TRY IT => From the line below that contains "using finite_orbit_if_periodic[OF assms] by" to the line that contains "fixes m :: nat", repeat every line exactly, both ends included, and nothing else.

[Saved data entries]
lemma periodic_on_level_set_if_atom:
  assumes "0 < emeasure (ds_mu m l) {z}"
  shows "\<exists>n>0. \<forall>x\<in>{x \<in> {0..<1}. H x = z}. (T ^^ n) x = x"
proof -
  obtain p where p: "0 < p" "(E2 ^^ p) z = z"
    using E2_periodic_if_atom[OF assms] by blast
  have "(T ^^ p) x = x" if "x \<in> {x \<in> {0..<1}. H x = z}" for x
  proof (rule strict_mono_lebesgue_preserving_self_map_eq_id)
    show "(T ^^ p) \<in> restrict_space lborel {0..<1} \<rightarrow>\<^sub>M restrict_space lborel {0..<1}"
      using measurable_compose_n[OF T_preserves_Leb01(1)] by (simp add: Leb01_def)
    show "distr (restrict_space lborel {0..<1}) (restrict_space lborel {0..<1}) (T ^^ p) =
        restrict_space lborel {0..<1}"
      using distr_funpow_eq[OF T_preserves_Leb01] by (simp add: Leb01_def)
    show "(T ^^ p) y \<in> {x \<in> {0..<1}. H x = z}" if "y \<in> {x \<in> {0..<1}. H x = z}" for y
      using that funpow_maps_to funpow_E2_H[of p y] p(2) by simp
    show "strict_mono_on {x \<in> {0..<1}. H x = z} (T ^^ p)"
      by (rule strict_mono_onI) (use funpow_less_if_itinerary_code_eq in \<open>auto simp: H_eq_itinerary_code\<close>)
  qed (use that is_interval_level_set_H in \<open>auto intro: bdd_belowI[of _ 0] bdd_aboveI[of _ 1]\<close>)
  then show ?thesis
    using p(1) by blast
qed

lemma finite_orbit_if_periodic:
  assumes x: "x \<in> {0..<1}" and n: "0 < n" and periodic: "(T ^^ n) x = x"
  shows "finite (ds_orbit m l x)"
proof -
  have "ds_orbit m l x \<subseteq> (\<lambda>j. (T ^^ j) x) ` {..<n}"
  proof
    fix y assume "y \<in> ds_orbit m l x"
    then obtain k where y: "y \<in> {0..<1}" "(T ^^ k) x = y \<or> (T ^^ k) y = x"
      by (auto simp: ds_orbit_def)
    \<comment> \<open>since \<open>x\<close> is periodic, its \<open>k\<close>-th preimage in \<open>[0, 1)\<close> is \<open>T\<^sup>n\<^sup>k\<^sup>-\<^sup>k x\<close>\<close>
    have "k + (n * k - k) = n * k"
      using n by (cases n) simp_all
    have "(T ^^ k) ((T ^^ (n * k - k)) x) = (T ^^ (n * k)) x"
      by (metis \<open>k + (n * k - k) = n * k\<close> comp_apply funpow_add)
    also have "\<dots> = x"
      using funpow_mod_eq[OF periodic, of "n * k"] by simp
    finally have "(T ^^ k) x = y \<or> (T ^^ (n * k - k)) x = y"
      using y inj_onD[OF inj_on_funpow[OF inj_on_T T_maps_into]] funpow_maps_to[OF x] by metis
    then obtain j where "y = (T ^^ j) x"
      by metis
    then have "y = (T ^^ (j mod n)) x"
      using funpow_mod_eq[OF periodic, of j] by simp
    then show "y \<in> (\<lambda>j. (T ^^ j) x) ` {..<n}"
      using n by simp
  qed
  then show ?thesis
    using finite_subset by blast
qed

lemma not_minimal_if_periodic:
  assumes "x \<in> {0..<1}" "0 < n" "(T ^^ n) x = x"
  shows "\<not> ds_minimal m l"
proof
  assume "ds_minimal m l"
  then have "{0..<1} \<subseteq> closure (ds_orbit m l x)"
    using assms(1) by (simp add: ds_minimal_def)
  also have "\<dots> = ds_orbit m l x"
    using finite_orbit_if_periodic[OF assms] by (simp add: finite_imp_closed closure_closed)
  finally have "finite {0..<1::real}"
    using finite_orbit_if_periodic[OF assms] finite_subset by blast
  then show False
    using infinite_Ico[of 0 "1::real"] by simp
qed

lemma strict_mono_H_if_minimal:
  assumes "ds_minimal m l"
  shows "strict_mono_on {0..<1} H"
proof (rule strict_mono_onI)
  fix x y :: real assume x: "x \<in> {0..<1}" and y: "y \<in> {0..<1}" and "x < y"
  show "H x < H y"
  proof (rule ccontr)
    assume "\<not> H x < H y"
    then have "H x = H y"
      using itinerary_code_less_or_orbits_less[OF x y \<open>x < y\<close>] by (auto simp: H_eq_itinerary_code)
    with x y have "x \<in> {u \<in> {0..<1}. H u = H x}" "y \<in> {u \<in> {0..<1}. H u = H x}"
      by simp_all
    then have "0 < emeasure (ds_mu m l) {H x}"
      using mu_atom_iff \<open>x < y\<close> by blast
    then obtain n where "0 < n" "(T ^^ n) x = x"
      using periodic_on_level_set_if_atom x by blast
    then show False
      using not_minimal_if_periodic x assms by blast
  qed
qed

end

theorem theorem4:
  fixes m :: nat and l :: "nat \<Rightarrow> real"
  assumes valid: "ds_valid m l"
  shows
    \<comment> \<open>(a)\<close>
    "(\<forall>x\<in>{0..<1}. E2 (ds_H m l x) = ds_H m l (ds_T m l x))
     \<comment> \<open>(b)\<close>
     \<and> ds_H m l \<in> borel_measurable Leb01
     \<and> distr (ds_mu m l) borel E2 = ds_mu m l
     \<and> (\<forall>\<nu> :: real measure. prob_space \<nu> \<and> sets \<nu> = sets borel \<and> emeasure \<nu> {0..<1} = 1
          \<and> distr \<nu> borel (ds_T m l) = \<nu>
          \<longrightarrow> distr (distr \<nu> borel (ds_H m l)) borel E2 = distr \<nu> borel (ds_H m l))
     \<comment> \<open>(c)\<close>
     \<and> (\<forall>x\<in>{0..<1}. continuous (at_right x) (ds_H m l))
     \<comment> \<open>(d)\<close>
     \<and> mono_on {0..<1} (ds_H m l)
     \<comment> \<open>(e)\<close>
     \<and> (\<forall>z\<in>{0..<1}.
          let P = {x\<in>{0..<1}. ds_H m l x = z} in
          (emeasure (ds_mu m l) {z} > 0 \<longleftrightarrow> is_interval P \<and> (\<exists>a\<in>P. \<exists>b\<in>P. a < b))
          \<and> (emeasure (ds_mu m l) {z} > 0 \<longrightarrow> (\<exists>n>0. \<forall>x\<in>P. (ds_T m l ^^ n) x = x)))
     \<and> (\<forall>a b. 0 \<le> a \<and> a < b \<and> b < 1 \<and> (\<exists>n>0. \<forall>x\<in>{a..b}. (ds_T m l ^^ n) x = x)
          \<longrightarrow> finite (ds_H m l ` {a..b}))
     \<comment> \<open>(f)\<close>
     \<and> (ds_minimal m l \<longrightarrow> strict_mono_on {0..<1} (ds_H m l) \<and> inj_on (ds_H m l) {0..<1})"
proof -
  interpret deck_shuffler m l
    by (rule deck_shuffler.intro[OF valid])
  have factor: "\<forall>x\<in>{0..<1}. E2 (H x) = H (T x)"
    using E2_H by simp
  have pushforward: "\<forall>\<nu> :: real measure. prob_space \<nu> \<and> sets \<nu> = sets borel \<and> emeasure \<nu> {0..<1} = 1
      \<and> distr \<nu> borel T = \<nu> \<longrightarrow> distr (distr \<nu> borel H) borel E2 = distr \<nu> borel H"
    using pushforward_invariant by simp
  have continuous: "\<forall>x\<in>{0..<1}. continuous (at_right x) H"
    using H_continuous_at_right by simp
  have atoms: "\<forall>z\<in>{0..<1}. let P = {x\<in>{0..<1}. H x = z} in
      (emeasure (ds_mu m l) {z} > 0 \<longleftrightarrow> is_interval P \<and> (\<exists>a\<in>P. \<exists>b\<in>P. a < b))
      \<and> (emeasure (ds_mu m l) {z} > 0 \<longrightarrow> (\<exists>n>0. \<forall>x\<in>P. (T ^^ n) x = x))"
    unfolding Let_def using mu_atom_iff is_interval_level_set_H periodic_on_level_set_if_atom by simp
  have finite_image: "\<forall>a b. 0 \<le> a \<and> a < b \<and> b < 1 \<and> (\<exists>n>0. \<forall>x\<in>{a..b}. (T ^^ n) x = x)
      \<longrightarrow> finite (H ` {a..b})"
    using finite_H_image_if_periodic by blast
  have minimal: "ds_minimal m l \<longrightarrow> strict_mono_on {0..<1} H \<and> inj_on H {0..<1}"
    using strict_mono_H_if_minimal strict_mono_on_imp_inj_on by blast
  show ?thesis
    by (intro conjI)
      (rule factor H_Leb01 mu_invariant pushforward continuous mono_on_H atoms finite_image minimal)+
qed

end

REPLY =>
    using finite_orbit_if_periodic[OF assms] by (simp add: finite_imp_closed closure_closed)
  finally have "finite {0..<1::real}"
    using finite_orbit_if_periodic[OF assms] finite_subset by blast
  then show False
    using infinite_Ico[of 0 "1::real"] by simp
qed

lemma strict_mono_H_if_minimal:
  assumes "ds_minimal m l"
  shows "strict_mono_on {0..<1} H"
proof (rule strict_mono_onI)
  fix x y :: real assume x: "x \<in> {0..<1}" and y: "y \<in> {0..<1}" and "x < y"
  show "H x < H y"
  proof (rule ccontr)
    assume "\<not> H x < H y"
    then have "H x = H y"
      using itinerary_code_less_or_orbits_less[OF x y \<open>x < y\<close>] by (auto simp: H_eq_itinerary_code)
    with x y have "x \<in> {u \<in> {0..<1}. H u = H x}" "y \<in> {u \<in> {0..<1}. H u = H x}"
      by simp_all
    then have "0 < emeasure (ds_mu m l) {H x}"
      using mu_atom_iff \<open>x < y\<close> by blast
    then obtain n where "0 < n" "(T ^^ n) x = x"
      using periodic_on_level_set_if_atom x by blast
    then show False
      using not_minimal_if_periodic x assms by blast
  qed
qed

end

theorem theorem4:
  fixes m :: nat and l :: "nat \<Rightarrow> real"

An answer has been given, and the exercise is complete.